(* Let $\sigma=\sigma_1\cdots\sigma_k$ be a planar rooted forest (decorated or not) with connected components $\sigma_j=B^+(\tau_j)$, $j=1,\dots,k$, listed from left to right. Then $$\sigma!=|\sigma_1|\cdot|\sigma_1\sigma_2|\cdots|\sigma_1\cdots\sigma_k|\cdot\tau_1!\cdots\tau_k!,$$ where $|\cdot|$ is the number of vertices and $!$ is the planar factorial.
   Context: Planar rooted forests: finite left-to-right ordered sequences of planar rooted trees; $B^+(\tau)$ is the tree obtained by grafting the trees of the planar forest $\tau$, in order, onto a new common root. On vertices, $v<w$ iff $v\neq w$ and $v$ lies on the path from a root to $w$; $\ll$ is the transitive closure of the relation $R$: $vRw$ iff $v<w$, or $v,w$ are children of a common vertex with $v$ to the right of $w$, or $v,w$ are both roots with $v$ to the right of $w$. For a finite poset $P$ and $s<t$, $\Omega^{st}_P=\{(t_v)\in[s,t]^P: t_v\ge t_w \text{ if } v<w\}$ and $P!$ is defined by $\mathrm{Vol}(\Omega^{st}_P)=(t-s)^{|P|}/P!$. The planar factorial is $\sigma!:=(V(\sigma),\ll)!$, with $\emptyset!=1$. *)

theory Defs
  imports "HOL-Analysis.Analysis"
begin

text \<open>Planar rooted trees, decorated by labels of type 'a (take 'a = unit for
undecorated trees). A planar forest is a list of planar trees (left to right).
Node a ts is B+ of the forest ts (with decoration a at the new root).\<close>
datatype 'a ptree = Node 'a "'a ptree list"

fun children :: "'a ptree \<Rightarrow> 'a ptree list" where
  "children (Node a ts) = ts"

text \<open>Vertices of a forest, encoded as addresses: [i0,i1,...,im] is the vertex reached
from the i0-th root (0 = leftmost) by successively going to the i1-th child, etc.
fv n ts lists vertices of ts whose root indices are offset by n.\<close>
fun fv :: "nat \<Rightarrow> 'a ptree list \<Rightarrow> nat list set" where
  "fv n [] = {}"
| "fv n (Node a cs # ts) = insert [n] ((Cons n) ` fv 0 cs) \<union> fv (Suc n) ts"

definition fverts :: "'a ptree list \<Rightarrow> nat list set" where
  "fverts \<sigma> = fv 0 \<sigma>"

definition nverts :: "'a ptree list \<Rightarrow> nat" where
  "nverts \<sigma> = card (fverts \<sigma>)"

definition tree_below :: "nat list \<Rightarrow> nat list \<Rightarrow> bool" where
  "tree_below v w \<longleftrightarrow> (\<exists>u. u \<noteq> [] \<and> w = v @ u)"

text \<open>The relation R: v < w, or v and w are siblings (children of a common vertex,
or both roots) with v to the right of w.\<close>
definition relR :: "nat list \<Rightarrow> nat list \<Rightarrow> bool" where
  "relR v w \<longleftrightarrow> tree_below v w \<or> (\<exists>p i j. v = p @ [i] \<and> w = p @ [j] \<and> j < i)"

definition planar_order :: "'a ptree list \<Rightarrow> (nat list \<times> nat list) set" where
  "planar_order \<sigma> = {(v, w). v \<in> fverts \<sigma> \<and> w \<in> fverts \<sigma> \<and> relR v w}\<^sup>+"

text \<open>Poset factorial: P! with Vol(\<Omega>^{st}_P) = (t-s)^|P| / P!; taken with s = 0, t = 1,
where \<Omega> is the order polytope in [0,1]^P (points indexed by the carrier V) and the
volume is the Lebesgue (product) measure on V \<rightarrow> real.\<close>
definition order_polytope :: "'v set \<Rightarrow> ('v \<times> 'v) set \<Rightarrow> real \<Rightarrow> real \<Rightarrow> ('v \<Rightarrow> real) set" where
  "order_polytope V r s t =
     {x \<in> V \<rightarrow>\<^sub>E {s..t}. \<forall>v\<in>V. \<forall>w\<in>V. (v, w) \<in> r \<longrightarrow> x w \<le> x v}"

definition poset_factorial :: "'v set \<Rightarrow> ('v \<times> 'v) set \<Rightarrow> real" where
  "poset_factorial V r = 1 / measure (PiM V (\<lambda>_. lborel)) (order_polytope V r 0 1)"

definition planar_factorial :: "'a ptree list \<Rightarrow> real" where
  "planar_factorial \<sigma> = poset_factorial (fverts \<sigma>) (planar_order \<sigma>)"

end

theory Submission
  imports Defs
begin

text \<open>The root of the last tree \<sigma>_k lies to the right of all other roots, so it precedes every
  other vertex in \<ll>: its coordinate y is the largest one, and the remaining vertices split into
  the forest \<sigma>_1\<dots>\<sigma>_{k-1} and the forest \<tau>_k, which are \<ll>-incomparable. Hence the order
  polytope of \<sigma> fibres over y \<in> [0,1] into the product of the order polytopes of these two
  forests scaled to [0,y]. By homogeneity these have volumes y^|P|/P!, and integrating over y gives
  \<sigma>! = |\<sigma>| (\<sigma>_1\<dots>\<sigma>_{k-1})! \<tau>_k!; induction on k finishes the proof.\<close>

lemma sets_order_polytope:
  assumes "finite V"
  shows "order_polytope V r s t \<in> sets (Pi\<^sub>M V (\<lambda>_. lborel))"
proof -
  have [measurable]: "Measurable.pred (Pi\<^sub>M V (\<lambda>_. lborel)) (\<lambda>x. x w \<le> (x v :: real))"
    if "v \<in> V" "w \<in> V" for v w
    unfolding pred_def using that
    by (intro borel_measurable_le) (auto simp: measurable_lborel2)
  have "order_polytope V r s t = {x \<in> space (Pi\<^sub>M V (\<lambda>_. lborel)).
          (\<forall>v\<in>V. s \<le> x v \<and> x v \<le> t) \<and> (\<forall>v\<in>V. \<forall>w\<in>V. (v, w) \<in> r \<longrightarrow> x w \<le> x v)}"
    by (auto simp: order_polytope_def space_PiM PiE_def)
  also have "\<dots> \<in> sets (Pi\<^sub>M V (\<lambda>_. lborel))"
    using assms by measurable
  finally show ?thesis .
qed

lemma order_polytope_empty: "order_polytope {} r s t = {\<lambda>_. undefined}"
  unfolding order_polytope_def by auto

lemma order_polytope_restrict_relation:
  "order_polytope V r s t = order_polytope V (r \<inter> V \<times> V) s t"
  unfolding order_polytope_def by blast

lemma sets_PiM_restrict_conj:
  assumes "P \<in> sets (Pi\<^sub>M A M)" "Q \<in> sets (Pi\<^sub>M B M)" "A \<subseteq> I" "B \<subseteq> I"
  shows "{x \<in> space (Pi\<^sub>M I M). restrict x A \<in> P \<and> restrict x B \<in> Q} \<in> sets (Pi\<^sub>M I M)"
proof -
  have "{x \<in> space (Pi\<^sub>M I M). restrict x A \<in> P \<and> restrict x B \<in> Q}
      = ((\<lambda>x. restrict x A) -` P \<inter> space (Pi\<^sub>M I M)) \<inter> ((\<lambda>x. restrict x B) -` Q \<inter> space (Pi\<^sub>M I M))"
    by auto
  also have "\<dots> \<in> sets (Pi\<^sub>M I M)"
    using assms by (intro sets.Int measurable_sets[OF measurable_restrict_subset])
  finally show ?thesis .
qed

lemma (in product_sigma_finite) emeasure_PiM_restrict_Un:
  assumes "finite A" "finite B" "A \<inter> B = {}"
    and [measurable]: "P \<in> sets (Pi\<^sub>M A M)" "Q \<in> sets (Pi\<^sub>M B M)"
  shows "emeasure (Pi\<^sub>M (A \<union> B) M)
           {x \<in> space (Pi\<^sub>M (A \<union> B) M). restrict x A \<in> P \<and> restrict x B \<in> Q}
         = emeasure (Pi\<^sub>M A M) P * emeasure (Pi\<^sub>M B M) Q"
proof -
  interpret B: finite_product_sigma_finite M B by standard (rule assms)
  let ?S = "{x \<in> space (Pi\<^sub>M (A \<union> B) M). restrict x A \<in> P \<and> restrict x B \<in> Q}"
  have S: "?S \<in> sets (Pi\<^sub>M (A \<union> B) M)"
    using assms(4,5) by (rule sets_PiM_restrict_conj) auto
  have "merge A B -` ?S \<inter> space (Pi\<^sub>M A M \<Otimes>\<^sub>M Pi\<^sub>M B M) = P \<times> Q"
  proof (intro set_eqI iffI)
    fix ab assume "ab \<in> merge A B -` ?S \<inter> space (Pi\<^sub>M A M \<Otimes>\<^sub>M Pi\<^sub>M B M)"
    then show "ab \<in> P \<times> Q"
      using assms(3) by (cases ab) (auto simp: space_pair_measure space_PiM PiE_restrict)
  next
    fix ab assume "ab \<in> P \<times> Q"
    moreover have "P \<subseteq> space (Pi\<^sub>M A M)" "Q \<subseteq> space (Pi\<^sub>M B M)"
      using assms(4,5) by (simp_all add: sets.sets_into_space)
    ultimately show "ab \<in> merge A B -` ?S \<inter> space (Pi\<^sub>M A M \<Otimes>\<^sub>M Pi\<^sub>M B M)"
      using assms(3) by (cases ab) (auto simp: space_pair_measure space_PiM PiE_restrict)
  qed
  moreover have "emeasure (Pi\<^sub>M (A \<union> B) M) ?S
      = emeasure (Pi\<^sub>M A M \<Otimes>\<^sub>M Pi\<^sub>M B M) (merge A B -` ?S \<inter> space (Pi\<^sub>M A M \<Otimes>\<^sub>M Pi\<^sub>M B M))"
    using S by (subst distr_merge[OF assms(3,1,2), symmetric]) (simp add: emeasure_distr)
  ultimately show ?thesis
    by (simp add: B.emeasure_pair_measure_Times)
qed

lemma order_polytope_insert_top_iff:
  assumes m: "m \<notin> A \<union> B" and x: "x \<in> (A \<union> B) \<rightarrow>\<^sub>E UNIV"
    and top: "\<And>w. w \<in> A \<union> B \<Longrightarrow> (m, w) \<in> r"
    and maximal: "\<And>v. (v, m) \<notin> r"
    and incomparable: "\<And>v w. v \<in> A \<Longrightarrow> w \<in> B \<Longrightarrow> (v, w) \<notin> r \<and> (w, v) \<notin> r"
  shows "x(m := y) \<in> order_polytope (insert m (A \<union> B)) r s t \<longleftrightarrow>
           y \<in> {s..t} \<and> restrict x A \<in> order_polytope A r s y \<and> restrict x B \<in> order_polytope B r s y"
    (is "?lhs \<longleftrightarrow> ?rhs")
proof
  assume lhs: ?lhs
  have range: "(x(m := y)) v \<in> {s..t}" if "v \<in> insert m (A \<union> B)" for v
    using lhs that unfolding order_polytope_def by blast
  have order: "(x(m := y)) w \<le> (x(m := y)) v"
    if "v \<in> insert m (A \<union> B)" "w \<in> insert m (A \<union> B)" "(v, w) \<in> r" for v w
    using lhs that unfolding order_polytope_def by blast
  have "y \<in> {s..t}"
    using range[of m] by simp
  moreover have "x w \<le> y" "s \<le> x w" if "w \<in> A \<union> B" for w
    using order[of m w] range[of w] top[OF that] that m by (auto split: if_splits)
  moreover have "x w \<le> x v" if "v \<in> A \<union> B" "w \<in> A \<union> B" "(v, w) \<in> r" for v w
    using order[of v w] that m by (auto split: if_splits)
  ultimately show ?rhs
    unfolding order_polytope_def by auto
next
  assume ?rhs
  then show ?lhs
    using x m maximal incomparable unfolding order_polytope_def PiE_iff by auto
qed

lemma emeasure_order_polytope_insert_top:
  assumes fin: "finite A" "finite B" and disj: "A \<inter> B = {}" and m: "m \<notin> A \<union> B"
    and top: "\<And>w. w \<in> A \<union> B \<Longrightarrow> (m, w) \<in> r"
    and maximal: "\<And>v. (v, m) \<notin> r"
    and incomparable: "\<And>v w. v \<in> A \<Longrightarrow> w \<in> B \<Longrightarrow> (v, w) \<notin> r \<and> (w, v) \<notin> r"
  shows "emeasure (Pi\<^sub>M (insert m (A \<union> B)) (\<lambda>_. lborel)) (order_polytope (insert m (A \<union> B)) r s t)
     = (\<integral>\<^sup>+ y. indicator {s..t} y * (emeasure (Pi\<^sub>M A (\<lambda>_. lborel)) (order_polytope A r s y)
          * emeasure (Pi\<^sub>M B (\<lambda>_. lborel)) (order_polytope B r s y)) \<partial>lborel)"
proof -
  interpret product_sigma_finite "\<lambda>_. lborel :: real measure" by standard
  let ?M = "\<lambda>V. Pi\<^sub>M V (\<lambda>_. lborel :: real measure)"
  let ?W = "insert m (A \<union> B)"
  define T where "T y = {x \<in> space (?M (A \<union> B)).
    restrict x A \<in> order_polytope A r s y \<and> restrict x B \<in> order_polytope B r s y}" for y
  have T: "emeasure (?M (A \<union> B)) (T y)
      = emeasure (?M A) (order_polytope A r s y) * emeasure (?M B) (order_polytope B r s y)" for y
    unfolding T_def using fin disj by (intro emeasure_PiM_restrict_Un sets_order_polytope)
  have sets_T: "T y \<in> sets (?M (A \<union> B))" for y
    unfolding T_def using fin by (intro sets_PiM_restrict_conj sets_order_polytope) auto
  have "emeasure (?M ?W) (order_polytope ?W r s t) = (\<integral>\<^sup>+ x. indicator (order_polytope ?W r s t) x \<partial>?M ?W)"
    using fin by (simp add: sets_order_polytope)
  also have "\<dots> = (\<integral>\<^sup>+ y. \<integral>\<^sup>+ x. indicator (order_polytope ?W r s t) (x(m := y)) \<partial>?M (A \<union> B) \<partial>lborel)"
    using fin m sets_order_polytope[of ?W r s t]
    by (intro product_nn_integral_insert_rev borel_measurable_indicator) auto
  also have "\<dots> = (\<integral>\<^sup>+ y. \<integral>\<^sup>+ x. indicator {s..t} y * indicator (T y) x \<partial>?M (A \<union> B) \<partial>lborel)"
    using order_polytope_insert_top_iff[OF m _ top maximal incomparable]
    by (intro nn_integral_cong) (auto simp: T_def indicator_def space_PiM)
  also have "\<dots> = (\<integral>\<^sup>+ y. indicator {s..t} y * emeasure (?M (A \<union> B)) (T y) \<partial>lborel)"
    using sets_T by (simp add: nn_integral_cmult)
  finally show ?thesis
    by (simp add: T)
qed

◆ Task instructions
Tally the lines of the material in which the string "nverts" occurs, and present only that tally.

◆ Response area
2